One resident has told RNZ the fire alarm would often go off more than once a week so he was initially sceptical when he heard a person yelling that people should evacuate.
Nally said he was incredibly proud of firefighters' work and they would be feeling the pain of not being able to get everyone out.
He singled out the work of crews using an aerial truck. Several people had been plucked to safety from an area directly above the fire.
"Those people were going to perish except for the intervention of our team. The young officer that led that did an outstanding job. Multiple people are walking around because of it," Nally said.
Investigations are already underway and Nally said their findings would be critical for the country's building industry to prevent similar tragedies in the future.
Hospital appeal and health warning
The Asthma and Respiratory Foundation said the fire could pose a health risk for those in surrounding areas.
Smoke is reported to have been thick in the air of nearby suburbs.
Foundation chief executive Letitia Harding said nearby residents needed to ensure they protected their respiratory health.
People should stay indoors if possible, and keep doors and windows closed until the smoke cleared.
Those out in the Wellington CBD should wear masks.
Meanwhile, non-urgent patients have been asked to stay away from Wellington Hospital today.
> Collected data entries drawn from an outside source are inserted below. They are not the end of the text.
(* Let $q$ be a prime power, $M\geq2$ an integer, $k\geq 1$, and let $f\in\mathbb{F}_q[x]$ be a SRIM polynomial of degree $2k$. Let $C_f\in\mathrm{Sp}(2k,q)$ be an element with characteristic polynomial $f$, and suppose $\alpha\in\mathrm{Sp}(2k,q)$ satisfies $\alpha^M=C_f$. Then $f(x^M)$ has a SRIM factor of degree $2k$.
   Context: For a monic polynomial $f$ of degree $r$ with $f(0)\neq0$, $f^*(x)=f(0)^{-1}x^rf(x^{-1})$; $f$ is self-reciprocal if $f=f^*$. SRIM means self-reciprocal irreducible monic. $\mathrm{Sp}(2k,q)$ is the symplectic group of a non-degenerate alternating form on $\mathbb{F}_q^{2k}$. *)

theory Defs
  imports "HOL-Computational_Algebra.Polynomial" "Jordan_Normal_Form.Char_Poly"
begin

definition reciprocal_poly :: "'a::field poly \<Rightarrow> 'a poly" where
  "reciprocal_poly f = Polynomial.smult (inverse (coeff f 0)) (reflect_poly f)"

definition self_reciprocal :: "'a::field poly \<Rightarrow> bool" where
  "self_reciprocal f \<longleftrightarrow> coeff f 0 \<noteq> 0 \<and> reciprocal_poly f = f"

definition SRIM :: "'a::field poly \<Rightarrow> bool" where
  "SRIM f \<longleftrightarrow> monic f \<and> irreducible f \<and> self_reciprocal f"

text \<open>Gram matrix J of a non-degenerate alternating bilinear form (u,v) |-> u^T J v on K^n.\<close>
definition nondeg_alternating :: "nat \<Rightarrow> 'a::field mat \<Rightarrow> bool" where
  "nondeg_alternating n J \<longleftrightarrow> J \<in> carrier_mat n n \<and> transpose_mat J = - J
     \<and> (\<forall>i<n. J $$ (i, i) = 0) \<and> det J \<noteq> 0"

definition symplectic_group :: "nat \<Rightarrow> 'a::field mat \<Rightarrow> 'a mat set" where
  "symplectic_group n J = {A \<in> carrier_mat n n. transpose_mat A * J * A = J}"

end

theory Submission
  imports Defs
begin

text \<open>
  Write g for the characteristic polynomial of \<alpha>. By Cayley-Hamilton, f(\<alpha>^M) = f(C_f) = 0.
  Take an irreducible p and a vector w \<noteq> 0 with p(\<alpha>) w = 0. If deg p < deg f, the deg f residues
  of x^(Mj) modulo p are linearly dependent, which yields a nonzero h of degree < deg f with
  h(C_f) w = 0; as f is irreducible and f(C_f) w = 0, this forces f | h, which is absurd. So p, a
  divisor of g, has degree 2k = deg g, and g is irreducible. Hence g divides every polynomial that
  vanishes at \<alpha>, in particular f(x^M). Finally, \<alpha>^-1 = J^-1 \<alpha>^T J also has characteristic polynomial
  g, so the reversal of g vanishes at \<alpha> and is a multiple of g; comparing degrees and constant
  terms shows that g is self-reciprocal.
\<close>

definition poly_mat :: "'a::comm_ring_1 poly \<Rightarrow> 'a mat \<Rightarrow> 'a mat" where
  "poly_mat p A = fold_coeffs (\<lambda>a B. a \<cdot>\<^sub>m 1\<^sub>m (dim_row A) + A * B) p (0\<^sub>m (dim_row A) (dim_row A))"

lemma zero_smult_mat [simp]: "(0 :: 'a::semiring_1) \<cdot>\<^sub>m A = 0\<^sub>m (dim_row A) (dim_col A)"
  by (rule eq_matI) auto

lemma add_add_add_comm_mat:
  assumes "W \<in> carrier_mat nr nc" "X \<in> carrier_mat nr nc" "Y \<in> carrier_mat nr nc" "Z \<in> carrier_mat nr nc"
  shows "(W + X) + (Y + Z) = (W + Y) + (X + (Z :: 'a::comm_monoid_add mat))"
  using assms by (auto intro!: eq_matI simp: ac_simps)

lemma one_smult_mat [simp]: "(1 :: 'a::monoid_mult) \<cdot>\<^sub>m A = A"
  by (rule eq_matI) auto

lemma smult_smult_mat: "a \<cdot>\<^sub>m (b \<cdot>\<^sub>m A) = (a * b) \<cdot>\<^sub>m (A :: 'a::semigroup_mult mat)"
  by (rule eq_matI) (auto simp: mult.assoc)

context
  fixes A :: "'a::comm_ring_1 mat" and n :: nat
  assumes A: "A \<in> carrier_mat n n"
begin

lemma poly_mat_0 [simp]: "poly_mat 0 A = 0\<^sub>m n n"
  using A by (simp add: poly_mat_def)

lemma poly_mat_pCons: "poly_mat (pCons a p) A = a \<cdot>\<^sub>m 1\<^sub>m n + A * poly_mat p A"
proof (cases "p = 0 \<and> a = 0")
  case True
  then show ?thesis using A by auto
next
  case False
  then have "coeffs (pCons a p) = a # coeffs p" by (auto simp: cCons_def)
  then show ?thesis using A unfolding poly_mat_def fold_coeffs_def by simp
qed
There is limited access to the hospital due to road closures related to the fire.
Te Whatu Ora said patients who have non-urgent and safely-deferrable appointments are being rescheduled.
People are asked not to call about appointments as they will be contacted if their appointment is affected.
Te Whatu Ora says anyone who requires urgent or emergency care will receive it.
Impact on traffic
The tragedy is also affecting traffic flows in the city.
Waka Kotahi is warning people heading to the airport and Wellington Hospital to expect delays on State Highway 1.
Adelaide Road is closed while emergency services continue to respond to the fire.
The transport agency said traffic flows in the CBD have been impacted during morning rush hour and will likely be affected again later this afternoon.
The Mt Victoria tunnel is serving as a detour route for people travelling to the south coast. Because of this, a maintenance closure planned for the tunnel tonight has been deferred.